(* Let $\phi\in UC(\mathbb{R}^{N+1})$ be almost periodic in the $m$-th variable, for some $m\in\{1,\dots,N+1\}$. Then from any real sequence $(s_n)_{n\in\mathbb{N}}$ one can extract a subsequence $(s_{n_k})_{k\in\mathbb{N}}$ such that, for every choice of $(X_1,\dots,X_{m-1},X_{m+1},\dots,X_{N+1})$, the sequence $\big(\phi(X_1,\dots,X_m+s_{n_k},\dots,X_{N+1})\big)_{k}$ converges uniformly in $X_m\in\mathbb{R}$.
   Context: $UC$ means uniformly continuous. A continuous $g:\mathbb{R}\to\mathbb{R}$ is almost periodic if from every real sequence $(s_n)$ one can extract a subsequence along which $g(\cdot+s_{n_k})$ converges uniformly on $\mathbb{R}$; $\phi$ on $\mathbb{R}^{N+1}$ is almost periodic in the $m$-th variable if for each fixed value of the other variables the function $X_m\mapsto\phi(\dots,X_m,\dots)$ is almost periodic. *)

theory Defs
  imports "HOL-Analysis.Analysis"
begin

definition almost_periodic :: "(real \<Rightarrow> real) \<Rightarrow> bool" where
  "almost_periodic g \<longleftrightarrow> continuous_on UNIV g \<and>
     (\<forall>s :: nat \<Rightarrow> real. \<exists>r. strict_mono r \<and>
        (\<exists>h. uniform_limit UNIV (\<lambda>k x. g (x + s (r k))) h sequentially))"

definition upd_coord :: "real^'n \<Rightarrow> 'n \<Rightarrow> real \<Rightarrow> real^'n" where
  "upd_coord X m t = (\<chi> i. if i = m then t else X $ i)"

definition almost_periodic_in :: "(real^'n \<Rightarrow> real) \<Rightarrow> 'n \<Rightarrow> bool" where
  "almost_periodic_in \<phi> m \<longleftrightarrow> (\<forall>X. almost_periodic (\<lambda>t. \<phi> (upd_coord X m t)))"

end

theory Submission
  imports Defs "HOL-Library.Diagonal_Subsequence"
begin

(* Fix a countable dense set {d 0, d 1, ...} of points of R^N+1 (the other
   coordinates).  Almost periodicity in the m-th variable lets us refine any subsequence of
   (s n) so that the shifted section through one given point d j converges uniformly;
   Cantor's diagonal argument then yields a single subsequence that works for all d j at once.
   Uniform continuity of phi makes the shifted sections through nearby points uniformly close,
   uniformly in the shift, so an e/3-argument transfers the uniform Cauchy property from the
   dense set to every point. *)

lemma uniformly_convergent_on_subseq:
  assumes "uniformly_convergent_on A f" "strict_mono r"
  shows "uniformly_convergent_on A (\<lambda>k. f (r k))"
  using uniformly_convergent_on_compose[OF assms(1) filterlim_subseq[OF assms(2)]] .

lemma uniformly_convergent_on_shift:
  fixes f :: "nat \<Rightarrow> 'a \<Rightarrow> 'b::metric_space"
  assumes "uniformly_convergent_on A (\<lambda>k. f (j + k))"
  shows "uniformly_convergent_on A f"
proof -
  have "filterlim (\<lambda>k. k - j) sequentially sequentially"
    by (simp add: filterlim_minus_const_nat_at_top)
  then have conv: "uniformly_convergent_on A (\<lambda>k. f (j + (k - j)))"
    using uniformly_convergent_on_compose[OF assms] by blast
  have "eventually (\<lambda>k. \<forall>t\<in>A. f (j + (k - j)) t = f k t) sequentially"
    using eventually_ge_at_top[of j] by eventually_elim simp
  from uniformly_convergent_cong[OF this refl] show ?thesis
    using conv by simp
qed

lemma diagonal_uniformly_convergent_subseq:
  fixes F :: "nat \<Rightarrow> nat \<Rightarrow> 'a \<Rightarrow> 'b::metric_space"
  assumes refine: "\<And>j (q :: nat \<Rightarrow> nat). strict_mono q \<Longrightarrow>
      \<exists>r. strict_mono r \<and> uniformly_convergent_on A (\<lambda>k. F j (q (r k)))"
  shows "\<exists>r. strict_mono r \<and> (\<forall>j. uniformly_convergent_on A (\<lambda>k. F j (r k)))"
proof -
  define P where "P j r \<longleftrightarrow> uniformly_convergent_on A (\<lambda>k. F j (r k))" for j r
  interpret subseqs P
  proof
    fix j and q :: "nat \<Rightarrow> nat" assume "strict_mono q"
    then show "\<exists>r. strict_mono r \<and> P j (q \<circ> r)"
      unfolding P_def comp_def by (rule refine)
  qed
  have stable: "P j (q \<circ> r)" if "strict_mono r" "P j q" for r q j
    using that uniformly_convergent_on_subseq unfolding P_def comp_def by blast
  \<comment> \<open>from index \<open>Suc j\<close> on, the diagonal sequence is a subsequence of the \<open>j\<close>-th refinement\<close>
  have "P j diagseq" for j
    using diagseq_holds[OF stable, of j] uniformly_convergent_on_shift[of A "\<lambda>k. F j (diagseq k)"]
    unfolding P_def comp_def by blast
  then show ?thesis
    using subseq_diagseq unfolding P_def by blast
qed

lemma uniformly_convergent_on_from_dense:
  fixes g :: "'p::metric_space \<Rightarrow> nat \<Rightarrow> 'a \<Rightarrow> 'b::complete_space"
  assumes dense: "\<And>e. e > 0 \<Longrightarrow> \<exists>q\<in>D. dist p q < e"
    and equi: "\<And>e. e > 0 \<Longrightarrow> \<exists>\<delta>>0. \<forall>p q k t. dist p q < \<delta> \<longrightarrow> dist (g p k t) (g q k t) < e"
    and conv: "\<And>q. q \<in> D \<Longrightarrow> uniformly_convergent_on A (g q)"
  shows "uniformly_convergent_on A (g p)"
  unfolding uniformly_convergent_eq_Cauchy uniformly_Cauchy_on_def
proof (intro allI impI)
  fix e :: real assume "e > 0"
  then obtain \<delta> where "\<delta> > 0" and \<delta>: "\<And>p q k t. dist p q < \<delta> \<Longrightarrow> dist (g p k t) (g q k t) < e/3"
    using equi[of "e/3"] by auto
  obtain q where "q \<in> D" and pq: "dist p q < \<delta>"
    using dense[OF \<open>\<delta> > 0\<close>] by blast
  then have "uniformly_Cauchy_on A (g q)"
    using conv uniformly_convergent_eq_Cauchy by blast
  then obtain M where M: "\<And>t a b. t \<in> A \<Longrightarrow> a \<ge> M \<Longrightarrow> b \<ge> M \<Longrightarrow> dist (g q a t) (g q b t) < e/3"
    unfolding uniformly_Cauchy_on_def using \<open>e > 0\<close> by (metis divide_pos_pos zero_less_numeral)
  show "\<exists>M. \<forall>t\<in>A. \<forall>a\<ge>M. \<forall>b\<ge>M. dist (g p a t) (g p b t) < e"
  proof (intro exI ballI allI impI)
    fix t a b assume "t \<in> A" "M \<le> a" "M \<le> b"
    have "dist (g p a t) (g p b t) \<le> dist (g p a t) (g q a t) + dist (g q a t) (g q b t) + dist (g q b t) (g p b t)"
      using dist_triangle[of "g p a t" "g p b t" "g q a t"] dist_triangle[of "g q a t" "g p b t" "g q b t"]
      by linarith
    also have "\<dots> < e/3 + e/3 + e/3"
      using \<delta>[OF pq] M[OF \<open>t \<in> A\<close> \<open>M \<le> a\<close> \<open>M \<le> b\<close>] by (intro add_strict_mono) (auto simp: dist_commute)
    finally show "dist (g p a t) (g p b t) < e" by simp
  qed
qed

lemma dist_upd_coord_le: "dist (upd_coord X m u) (upd_coord Y m u) \<le> dist X Y"
  unfolding dist_norm upd_coord_def
  by (rule norm_le_componentwise_cart) (auto simp: vector_minus_component)

lemma uniformly_continuous_sections_close:
  fixes \<phi> :: "real^'n \<Rightarrow> 'b::metric_space"
  assumes "uniformly_continuous_on UNIV \<phi>" "e > 0"
  shows "\<exists>\<delta>>0. \<forall>X Y u. dist X Y < \<delta> \<longrightarrow> dist (\<phi> (upd_coord X m u)) (\<phi> (upd_coord Y m u)) < e"
proof -
  obtain \<delta> where "\<delta> > 0" and \<delta>: "\<And>x y. dist x y < \<delta> \<Longrightarrow> dist (\<phi> x) (\<phi> y) < e"
    using assms unfolding uniformly_continuous_on_def by blast
  have "dist (\<phi> (upd_coord X m u)) (\<phi> (upd_coord Y m u)) < e" if "dist X Y < \<delta>" for X Y u
    using \<delta> dist_upd_coord_le[of X m u Y] that by (meson le_less_trans)
  then show ?thesis using \<open>\<delta> > 0\<close> by blast
qed

lemma almost_periodic_subseq:
  fixes s :: "nat \<Rightarrow> real"
  assumes "almost_periodic g"
  shows "\<exists>r. strict_mono r \<and> uniformly_convergent_on UNIV (\<lambda>k t. g (t + s (r k)))"
  using assms unfolding almost_periodic_def uniformly_convergent_on_def by blast

theorem mainTheorem10:
  fixes \<phi> :: "real^'n \<Rightarrow> real" and m :: 'n and s :: "nat \<Rightarrow> real"
  assumes "uniformly_continuous_on UNIV \<phi>"
    and "almost_periodic_in \<phi> m"
  shows "\<exists>r. strict_mono r \<and>
           (\<forall>X :: real^'n. \<exists>h.
              uniform_limit UNIV (\<lambda>k t. \<phi> (upd_coord X m (t + s (r k)))) h sequentially)"
proof -
  obtain D :: "(real^'n) set" where "countable D" and D: "\<And>U. open U \<Longrightarrow> U \<noteq> {} \<Longrightarrow> \<exists>d\<in>D. d \<in> U"
    using countable_dense_exists by blast
  define d where "d = from_nat_into D"
  have "D \<noteq> {}" using D[OF open_UNIV] by blast
  then have range_d: "range d = D"
    unfolding d_def using \<open>countable D\<close> by (simp add: range_from_nat_into)
  define g where "g X k t = \<phi> (upd_coord X m (t + s k))" for X k t
  have "\<exists>r. strict_mono r \<and> uniformly_convergent_on UNIV (\<lambda>k. g (d j) (q (r k)))"
    for j and q :: "nat \<Rightarrow> nat"
    using almost_periodic_subseq[of _ "s \<circ> q"] assms(2)
    unfolding almost_periodic_in_def g_def comp_def by blast
  then obtain r where "strict_mono r" and conv: "\<And>j. uniformly_convergent_on UNIV (\<lambda>k. g (d j) (r k))"
    using diagonal_uniformly_convergent_subseq[of UNIV "\<lambda>j. g (d j)"] by blast
  have "uniformly_convergent_on UNIV (\<lambda>k. g X (r k))" for X
  proof (rule uniformly_convergent_on_from_dense[where D = D])
    show "\<exists>q\<in>D. dist X q < e" if "e > 0" for e
      using D[of "ball X e"] that by auto
    show "\<exists>\<delta>>0. \<forall>p q k t. dist p q < \<delta> \<longrightarrow> dist (g p (r k) t) (g q (r k) t) < e" if "e > 0" for e
      using uniformly_continuous_sections_close[OF assms(1) that] unfolding g_def by blast
  qed (use conv range_d in blast)
  then show ?thesis
    using \<open>strict_mono r\<close> unfolding g_def uniformly_convergent_on_def by blast
qed

end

================

• Your instructions: Go through the material above, and wherever a line holds the word "assms", copy it.

• Result:
  using uniformly_convergent_on_compose[OF assms(1) filterlim_subseq[OF assms(2)]] .
    using uniformly_convergent_on_compose[OF assms] by blast
    using assms unfolding uniformly_continuous_on_def by blast
  using assms unfolding almost_periodic_def uniformly_convergent_on_def by blast
    using almost_periodic_subseq[of _ "s \<circ> q"] assms(2)
      using uniformly_continuous_sections_close[OF assms(1) that] unfolding g_def by blast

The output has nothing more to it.